Dsc00040I took this picture last night in Spanish Harlem.  Good, eh?  Pam and I were on our way to Rao’s for dinner.  It’s just around the corner at Pleasant Avenue and 114th street. 

Rao’s isn’t taking reservations for 2007.  They’re full up.  We thought that if we went for a drink, and someone canceled.  You know, it could happen. 

But of course it didn’t happen.  We showed up way too early, around 6:30, and the guys in the kitchen were eating their dinner.  The message was clear enough for even an anthropologist to detect: go away.  So we did.  We went to the upper east side for dinner and then came back for drinks around 9:00.

What a place, I am telling you.  Tiny, crowded, noisy, New York and then some.  Italian by origin but inclusive now.  We fell into conversation with the owner Frank.  Well, let’s be honest, we laid siege to Frank.  And the guy is such a celebrity that you hold his attention only by rolling out your A material, and hoping for the best.   

We were there with Joe and Christine, and that helped.  They’ve been officially designated by the United Nations as the most charming couple on earth.  Early in the evening, I watched Joe chat with a garage attendant.  It took him 20 seconds to establish a rapport that would take me an hour and a half.  He’s interested in everything.  Christine sees the world unflinchingly over Pocahontas cheek bones, and this gives her the ability, apparently, to penetrate all secrets.  She’s surprised by nothing. 

The two of them could have handled Frank on their own, but between the four of us, it wasn’t long before he felt himself floating on a veritable Humboldt current of congratulation.  You never know, several more occasions like this and we could be booking tables for the same calendar year. 

The thing that’s interesting about Rao’s is that it is an experiment that tests the possibility of urban experiments.  On any given evening, Frank has got politicians, mob bosses, celebrities, socialites, business types, guys in track suits with Rolex, and schmucks like me.  "My job," Frank told us, "is to make all these people feel like they belong here."  This means that in this tiny space, Frank makes very different differences go away.  And then he plays the power impresario, mediating  connections and brokering deals. 

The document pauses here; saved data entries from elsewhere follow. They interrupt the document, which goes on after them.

(* There is a constant $C>0$ depending only on $n,\alpha_1,\dots,\alpha_n$ such that for all $R\ge1$, all $f\in L^2(\mathbb{R}^n)$ with $\operatorname{supp}\widehat f\subset B^n_1(0)$ (with the associated sets $X_{\lambda,\eta}$ as in the context), all dyadic $1\le\lambda\le R$ and all dyadic $\eta\ge1$, $$\phi_{X_{\lambda,\eta},n,R}\le C\,\eta^{-1}\max\{1,R^{1-2\alpha}\lambda^{\alpha-1}\}.$$
   Context: Fix $n\ge1$, $\alpha_1,\dots,\alpha_n>0$, $\alpha=\min_j\alpha_j<\tfrac12$. $e^{it\Delta}f(x)=\int_{\mathbb{R}^n}e^{2\pi i x\cdot\xi}e^{4\pi^2 i t|\xi|^2}\widehat f(\xi)\,d\xi$. For $R\ge1$, $\theta(t)=\big(R^{1-2\alpha_1}t^{\alpha_1},\dots,R^{1-2\alpha_n}t^{\alpha_n}\big)$, $0\le t\le R$. A lattice cube is a set $\prod_{i=1}^{n+1}[m_i,m_i+1)\subset\mathbb{R}^{n+1}$ with $m\in\mathbb{Z}^{n+1}$. Given $f$, for each $j\in\mathbb{Z}^n$ with $|j|\le R$ choose $t_j\in[1,R]$ with $\sup_{1<t<R}|e^{it\Delta}f(j+\theta(t))|\le 2|e^{it_j\Delta}f(j+\theta(t_j))|$, and let $\widetilde Q_j$ be the lattice cube containing $(j+\theta(t_j),t_j)$. Set $X=(B^n_R(0)\times[1,R])\cap\bigcup_{|j|\le R}\widetilde Q_j$, and for dyadic $1\le\lambda\le R$, $X_\lambda=X\cap(\mathbb{R}^n\times[\lambda,2\lambda])$. For dyadic $\eta\ge1$, $\mathcal F_\eta$ is the collection of lattice cubes $\widetilde Q$ with $\eta\le\#\{y\in B^n_R(0)\cap\mathbb{Z}^n:\widetilde Q=\widetilde Q_y\}<2\eta$, and $X_{\lambda,\eta}=X_\lambda\cap\bigcup_{\widetilde Q\in\mathcal F_\eta}\widetilde Q$. For a union $Y$ of lattice cubes, $1\le\beta\le n+1$ and $R\ge1$, the density is $$\phi_{Y,\beta,R}=\sup\Big\{\frac{\#\{\widetilde Q\subset Y\text{ lattice cube}:\widetilde Q\subset B^{n+1}_r(x',t')\}}{r^\beta}:\ (x',t')\in\mathbb{R}^{n+1},\ r\ge1,\ B^{n+1}_r(x',t')\subset B^{n+1}_R(0)\Big\},$$ where $B^{n+1}_r(x',t')$ is the Euclidean ball in $\mathbb{R}^{n+1}$ of radius $r$ centered at $(x',t')$. *)

theory Defs
  imports "HOL-Analysis.Analysis"
begin

text \<open>Points of R^(n+1) are represented as pairs (x,t) with x in R^n (type real^'n) and t real;
  the norm on the product type is the Euclidean one.\<close>

text \<open>Schroedinger evolution, expressed through g = the Fourier transform of f.\<close>
definition schr :: "(real^'n \<Rightarrow> complex) \<Rightarrow> real \<Rightarrow> real^'n \<Rightarrow> complex" where
  "schr g t x = (LINT \<xi>|lebesgue.
      exp (\<i> * complex_of_real (2 * pi * (x \<bullet> \<xi>))) *
      exp (\<i> * complex_of_real (4 * pi^2 * t * (norm \<xi>)^2)) * g \<xi>)"

definition theta :: "('n \<Rightarrow> real) \<Rightarrow> real \<Rightarrow> real \<Rightarrow> real^'n" where
  "theta a R t = (\<chi> i. R powr (1 - 2 * a i) * t powr (a i))"

definition lattice_cube :: "(int^'n) \<times> int \<Rightarrow> ((real^'n) \<times> real) set" where
  "lattice_cube m = {p. (\<forall>i. real_of_int (fst m $ i) \<le> fst p $ i \<and> fst p $ i < real_of_int (fst m $ i) + 1)
      \<and> real_of_int (snd m) \<le> snd p \<and> snd p < real_of_int (snd m) + 1}"

definition lattice_cubes :: "((real^'n) \<times> real) set set" where
  "lattice_cubes = range lattice_cube"

definition cube_of :: "(real^'n) \<times> real \<Rightarrow> ((real^'n) \<times> real) set" where
  "cube_of p = lattice_cube (\<chi> i. \<lfloor>fst p $ i\<rfloor>, \<lfloor>snd p\<rfloor>)"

It’s fun watching the eyes of other watchers: people who observe for a living and make their living by deciding what it is they just saw.  I mean, all the planners and anthropologists do exactly this.  So, as I say, it’s fun to look into the eyes of someone who watches every night, in real time, with big consequences.  You watch Frank watching and you find yourself thinking, here’s a guy who is interested in everything and surprised by nothing. 

Acknowledgments

To Pam, my wife, who did the investigative anthropology. 

One thought on “Rao’s”

  1. lovely post. – lots of life, lots of energy. it suits grant the observer to become part of the action. – like it suits frank pellegrino to be both actor and observer.
    the success of places like rao’s lies in the fact that restaurants when they become both stage and xyz (how do you call that place in a theater where the audience sits?) work so perfectly as metaphor for the times that we are living in right now. its all about acting — 24/7 — everybody is observer and actor at the very same time — all of the time.
    the interior design of restaurants has been capitalizing on this for the past 15 years — but only if you have the right impresario (wiki: “Figuratively, it refers to anyone who flamboyantly takes a leading role in organizing or orchestrating something intended to entertain an audience…”) you can see the world unfold before your very eyes.
    the right impresario is both forgiving and provocative. he integrates and excludes in an intuitive, ever changing and highly artistic way. you can never be certain if he will grace you with some extra privileges and attention, and you can never be certain that he will not.
    dynamically balancing — orchestrating — public (or semi-public) places both with attitude and empathy — and preferably with everything at the same time — is a rare gift and it has become one of the most enjoyed features of life in our young century.